Em agosto do ano passado, lancei o livro “Punindo a culpa como dolo: o uso da cegueira deliberada no Brasil” (Editora Marcial Pons, 2018). Desde então, muitos têm me perguntado sobre o que se trata o livro, e no que o tema da cegueira deliberada influi no meu dia-a-dia na advocacia criminal.

O livro é fruto de minha tese de doutorado, defendida em setembro de 2017 na UFPR. Na tese, busquei explorar diversas decisões judiciais proferidas no Brasil entre 2006 e 2016 que de alguma forma explorassem a questão da cegueira deliberada.

De acordo com o Código Penal brasileiro, só há crime quando uma pessoa realiza uma ação criminosa com dolo ou com culpa. Um crime é doloso quando o autor do fato agiu conscientemente e com vontade de cometer aquele crime. Já o crime é dito culposo quando o resultado criminoso é provocado por um descuido do autor, que age com imprudência, negligência ou imperícia. Via de regra, o Direito Penal brasileiro somente pune crimes dolosos. A punição de crimes culposos é excepcional, como por exemplo no homicídio ou na lesão corporal.

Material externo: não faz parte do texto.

(* Let $p:C\to G$ be a normal covering of a connected graph $G$ with deck transformation group $\mathcal{D}$, let $\mathcal{T}=(T,(V_t)_{t\in T})$ be a regular $\mathcal{D}$-canonical tree-decomposition of $C$, and let $\mathcal{H}=(H,(G_h)_{h\in H})$ be defined from $\mathcal{T}$ via $p$ as in the context. Then $\mathcal{H}$ is an honest graph-decomposition of $G$.
   Context: Graphs may have loops and parallel edges and are viewed as 1-complexes; covering spaces are connected. A tree-decomposition $(T,(V_t))$ of $C$ ($T$ a tree, $V_t\subseteq V(C)$ non-empty) satisfies $C=\bigcup_tC[V_t]$ and $\{t:v\in V_t\}$ induces a connected subtree for every vertex $v$. Each edge $t_1t_2$ of $T$ induces the separation $\{\bigcup_{s\in T_1}V_s,\bigcup_{s\in T_2}V_s\}$ ($T_i$ the component of $T-t_1t_2$ containing $t_i$); the decomposition is regular if no such separation has a side equal to $V(C)$. It is $\mathcal{D}$-canonical if there is a group homomorphism $\varphi\mapsto(\varphi,\psi_\varphi)$ from $\mathcal{D}$ to pairs with $\psi_\varphi$ an automorphism of $T$ and $\varphi(V_t)=V_{\psi_\varphi(t)}$ for all $t$; for regular decompositions $\psi_\varphi$ is unique, giving an action of $\mathcal{D}$ on $T$. Construction: $H=T/\mathcal{D}$ is the orbit graph (vertices the $\mathcal{D}$-orbits of nodes, edges the orbits of edges, the orbit of an edge joining the orbits of its endpoints), and $G_h=p(C[V_t])$ for any $t\in h$ (independent of choice). A graph-decomposition of $G$ is a pair $(H,(G_h))$ with subgraphs $G_h\subseteq G$, $G=\bigcup_hG_h$, and $H[\{h:v\in G_h\}]$ connected for each vertex $v$; it is honest if $G_h\cap G_{h'}\neq\emptyset$ for every edge $hh'$ of $H$. *)

theory Defs
  imports Main
begin

text \<open>A graph is given by vertices, darts (= oriented edges / half-edge pairs),
  the tail of each dart and the fixed-point-free involution reversing a dart.
  An edge is a pair {d, rev d}; a loop is an edge with tail d = head d.\<close>

record ('v,'d) dgraph =
  gverts :: "'v set"
  gdarts :: "'d set"
  gtail  :: "'d \<Rightarrow> 'v"
  grev   :: "'d \<Rightarrow> 'd"

definition ghead :: "('v,'d) dgraph \<Rightarrow> 'd \<Rightarrow> 'v" where
  "ghead G d = gtail G (grev G d)"

definition wf_graph :: "('v,'d) dgraph \<Rightarrow> bool" where
  "wf_graph G \<longleftrightarrow> (\<forall>d\<in>gdarts G. gtail G d \<in> gverts G \<and> grev G d \<in> gdarts G
      \<and> grev G (grev G d) = d \<and> grev G d \<noteq> d)"

definition gadj :: "('v,'d) dgraph \<Rightarrow> ('v \<times> 'v) set" where
  "gadj G = {(gtail G d, ghead G d) | d. d \<in> gdarts G}"

definition gconnected :: "('v,'d) dgraph \<Rightarrow> bool" where
  "gconnected G \<longleftrightarrow> gverts G \<noteq> {} \<and>
     (\<forall>u\<in>gverts G. \<forall>v\<in>gverts G. (u, v) \<in> (gadj G)\<^sup>*)"
(* Let $h$ be a probability density on $\mathbb{R}$ that is $(\alpha,\beta)$-admissible for functions $\alpha,\beta:(0,\infty)\to(0,\infty)$ and satisfies $h(z)>h(z')>0$ for all $0\le z<z'$. Define the one-sided density $g(z)=0$ for $z<0$ and $g(z)=h(z)/\int_{w\ge0}h(w)\,dw$ for $z\ge0$. Let $\epsilon>0$, $k>0$, $l>0$, $\alpha'=\alpha(k\epsilon)$, $\beta'=\beta(l\epsilon)$. Let $u:D^n\times\mathcal{R}\to\mathbb{R}$ be a score function with finite candidate set $\mathcal{R}$, and let $S:D^n\times\mathcal{R}\to(0,\infty)$ be a $\beta'$-smooth upper bound on the local sensitivity of $u$. Consider the mechanism with $Z_r$ ($r\in\mathcal{R}$) i.i.d. with density $g$: $$M_{SPS}(x)=\operatorname{argmax}_{r\in\mathcal{R}}\Big\{u(x,r)+\frac{\max_{r'\in\mathcal{R}}S(x,r')}{\alpha'}\cdot Z_r\Big\}$$ (returning the first maximizer in a fixed ordering of $\mathcal{R}$ if there are several). Then $M_{SPS}$ is $\big((k+\tfrac{|\mathcal{R}|-1}{2}\, l)\,\epsilon\big)$-differentially private.
   Context: $D^n$ denotes the set of datasets consisting of $n$ elements; Hamming distance $d(x,y)=|\{i:x_i\neq y_i\}|$; $x,y$ neighboring if $d(x,y)=1$. A randomized mechanism $M$ is $\epsilon$-differentially private if for all neighboring $x,y$ and all sets $\mathcal{S}$ of outputs, $\Pr[M(x)\in\mathcal{S}]\le e^{\epsilon}\Pr[M(y)\in\mathcal{S}]$. For a score function $u:D^n\times\mathcal{R}\to\mathbb{R}$, the local sensitivity at $x$ for $r$ is $LS_{u,\mathcal{R}}(x,r)=\max_{y:d(x,y)=1}|u(x,r)-u(y,r)|$. For $\beta>0$, $S:D^n\times\mathcal{R}\to\mathbb{R}$ is a $\beta$-smooth upper bound on the local sensitivity of $u$ if for every $r\in\mathcal{R}$: $S(x,r)\ge LS_{u,\mathcal{R}}(x,r)$ for all $x$, and $S(x,r)\le e^{\beta}S(y,r)$ for all $x,y$ with $d(x,y)=1$. Given functions $\alpha,\beta:(0,\infty)\to(0,\infty)$, a density $h$ on $\mathbb{R}$ is $(\alpha,\beta)$-admissible if for every $\epsilon>0$, every $\Delta\in\mathbb{R}$ with $|\Delta|\le\alpha(\epsilon)$, every $\lambda$ with $|\lambda|\le\beta(\epsilon)$ and every measurable $\mathcal{S}\subseteq\mathbb{R}$, with $Z\sim h$: $\Pr[Z\in\mathcal{S}]\le e^{\epsilon/2}\Pr[Z\in\mathcal{S}+\Delta]$ and $\Pr[Z\in\mathcal{S}]\le e^{\epsilon/2}\Pr[Z\in e^{\lambda}\mathcal{S}]$. *)

theory Defs
  imports "HOL-Probability.Probability"
begin

text \<open>Datasets in D^n are lists of length n over an element type 'd.\<close>

definition hamming :: "'d list \<Rightarrow> 'd list \<Rightarrow> nat" where
  "hamming x y = card {i. i < length x \<and> x ! i \<noteq> y ! i}"

definition neighboring :: "nat \<Rightarrow> 'd list \<Rightarrow> 'd list \<Rightarrow> bool" where
  "neighboring n x y \<longleftrightarrow> length x = n \<and> length y = n \<and> hamming x y = 1"

definition differentially_private :: "nat \<Rightarrow> ('d list \<Rightarrow> 'o measure) \<Rightarrow> real \<Rightarrow> bool" where
  "differentially_private n M eps \<longleftrightarrow>
     (\<forall>x y. neighboring n x y \<longrightarrow>
        (\<forall>T \<in> sets (M x). measure (M x) T \<le> exp eps * measure (M y) T))"

text \<open>S is a beta-smooth upper bound on the local sensitivity of u (on D^n, candidates R).
  The condition S(x,r) >= LS(x,r) = max over neighbours y of |u(x,r) - u(y,r)|
  is written out pointwise.\<close>
definition smooth_upper_bound ::
  "nat \<Rightarrow> 'r set \<Rightarrow> ('d list \<Rightarrow> 'r \<Rightarrow> real) \<Rightarrow> ('d list \<Rightarrow> 'r \<Rightarrow> real) \<Rightarrow> real \<Rightarrow> bool" where
  "smooth_upper_bound n R u S \<beta> \<longleftrightarrow>
     (\<forall>r\<in>R. (\<forall>x y. neighboring n x y \<longrightarrow> \<bar>u x r - u y r\<bar> \<le> S x r) \<and>
             (\<forall>x y. neighboring n x y \<longrightarrow> S x r \<le> exp \<beta> * S y r))"

definition admissible :: "(real \<Rightarrow> real) \<Rightarrow> (real \<Rightarrow> real) \<Rightarrow> (real \<Rightarrow> real) \<Rightarrow> bool" where
  "admissible \<alpha> \<beta> h \<longleftrightarrow>
     (\<forall>\<epsilon>>0. \<forall>\<Delta> lam. \<forall>A \<in> sets borel.
        \<bar>\<Delta>\<bar> \<le> \<alpha> \<epsilon> \<longrightarrow> \<bar>lam\<bar> \<le> \<beta> \<epsilon> \<longrightarrow>
        measure (density lborel h) A \<le> exp (\<epsilon>/2) * measure (density lborel h) ((\<lambda>s. s + \<Delta>) ` A) \<and>
        measure (density lborel h) A \<le> exp (\<epsilon>/2) * measure (density lborel h) ((\<lambda>s. exp lam * s) ` A))"

definition prob_density :: "(real \<Rightarrow> real) \<Rightarrow> bool" where
  "prob_density h \<longleftrightarrow> h \<in> borel_measurable borel \<and> (\<forall>z. 0 \<le> h z) \<and>
     (\<integral>\<^sup>+ z. ennreal (h z) \<partial>lborel) = 1"

definition one_sided :: "(real \<Rightarrow> real) \<Rightarrow> real \<Rightarrow> real" where
  "one_sided h z = (if z < 0 then 0 else h z / (\<integral>w. indicator {0..} w * h w \<partial>lborel))"

definition argmax_first :: "'r list \<Rightarrow> ('r \<Rightarrow> real) \<Rightarrow> 'r" where
  "argmax_first rs f = hd (filter (\<lambda>r. f r = Max (f ` set rs)) rs)"

definition sps_choice ::
  "'r list \<Rightarrow> ('d list \<Rightarrow> 'r \<Rightarrow> real) \<Rightarrow> ('d list \<Rightarrow> 'r \<Rightarrow> real) \<Rightarrow> real \<Rightarrow> 'd list \<Rightarrow> ('r \<Rightarrow> real) \<Rightarrow> 'r" where
  "sps_choice rs u S a x z =
     argmax_first rs (\<lambda>r. u x r + (Max ((S x) ` set rs) / a) * z r)"

definition sps_mechanism ::
  "'r list \<Rightarrow> (real \<Rightarrow> real) \<Rightarrow> ('d list \<Rightarrow> 'r \<Rightarrow> real) \<Rightarrow> ('d list \<Rightarrow> 'r \<Rightarrow> real) \<Rightarrow> real \<Rightarrow> 'd list \<Rightarrow> 'r measure" where
  "sps_mechanism rs g u S a x =
     distr (PiM (set rs) (\<lambda>_. density lborel g)) (count_space UNIV) (sps_choice rs u S a x)"

end

theory Submission
  imports Defs
begin

text \<open>
  Fix neighbouring datasets x, y and an output r, and let S_x, S_y be the largest smooth
  sensitivities at x and y. Let \<Psi> act on noise vectors coordinatewise: it lowers the coordinate
  of r by 2\<alpha>', which absorbs the change of at most 2 min(S_x, S_y) in the score gaps between r
  and its competitors, and it rescales by S_y/S_x, which matches the two noise scales -- on every
  other coordinate if S_x \<le> S_y, and on the coordinate of r otherwise. If r wins on x with noise
  \<Psi>(z), then r wins on y with noise z. Admissibility bounds Pr[Z \<in> B] by
  c Pr[\<psi>(Z) \<in> B] for each coordinate map \<psi>, with c = e^{k\<epsilon>} for the double shift and
  c = e^{l\<epsilon>/2} for a rescaling; the one-sided density inherits these bounds from h because
  \<psi> maps negative numbers to negative numbers. Multiplying over the independent coordinates gives
  at most e^{k\<epsilon> + (|R|-1) l\<epsilon>/2}.
\<close>

lemma nn_integral_le_scaled_vimage:
  assumes \<psi>: "\<psi> \<in> M \<rightarrow>\<^sub>M M"
    and le: "\<And>B. B \<in> sets M \<Longrightarrow> emeasure M B \<le> ennreal c * emeasure M (\<psi> -` B \<inter> space M)"
    and f: "f \<in> borel_measurable M"
  shows "(\<integral>\<^sup>+x. f x \<partial>M) \<le> ennreal c * (\<integral>\<^sup>+x. f (\<psi> x) \<partial>M)"
proof -
  have "emeasure M B \<le> ennreal c * emeasure (distr M M \<psi>) B" for B
    by (cases "B \<in> sets M") (simp_all add: emeasure_distr[OF \<psi>] emeasure_notin_sets le)
  then have "M \<le> scale_measure (ennreal c) (distr M M \<psi>)"
    by (simp add: le_measure_iff space_scale_measure le_fun_def)
  then have "(\<integral>\<^sup>+x. f x \<partial>M) \<le> (\<integral>\<^sup>+x. f x \<partial>scale_measure (ennreal c) (distr M M \<psi>))"
    by (intro nn_integral_mono_measure) auto
  also have "\<dots> = ennreal c * (\<integral>\<^sup>+x. f x \<partial>distr M M \<psi>)"
    using f by (intro nn_integral_scale_measure) auto
  also have "(\<integral>\<^sup>+x. f x \<partial>distr M M \<psi>) = (\<integral>\<^sup>+x. f (\<psi> x) \<partial>M)"
    using f by (intro nn_integral_distr[OF \<psi>]) auto
  finally show ?thesis .
qed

Há mais de uma década, juízes brasileiros vêm usando a “teoria da cegueira deliberada” para condenar por crime doloso acusados que alegam desconhecer algum fato relacionado ao crime que foram acusados — por exemplo, o banqueiro que diz não conhecer que os recursos remetidos pelo cliente do banco ao exterior tinham origem ilícita, sendo acusado de lavagem de dinheiro. Os critérios para dizer que há dolo nesses casos envolvendo desconhecimento (ou, melhor, envolvendo ausência de comprovação de conhecimento pela acusação) têm sido estabelecidos caso a caso, sem qualquer coerência ou compromisso com a lei. A justificativa para isto é que a cegueira deliberada seria utilizada pelos tribunais dos Estados Unidos para identificar o dolo, sendo possível trazer este mesmo raciocínio ao Brasil.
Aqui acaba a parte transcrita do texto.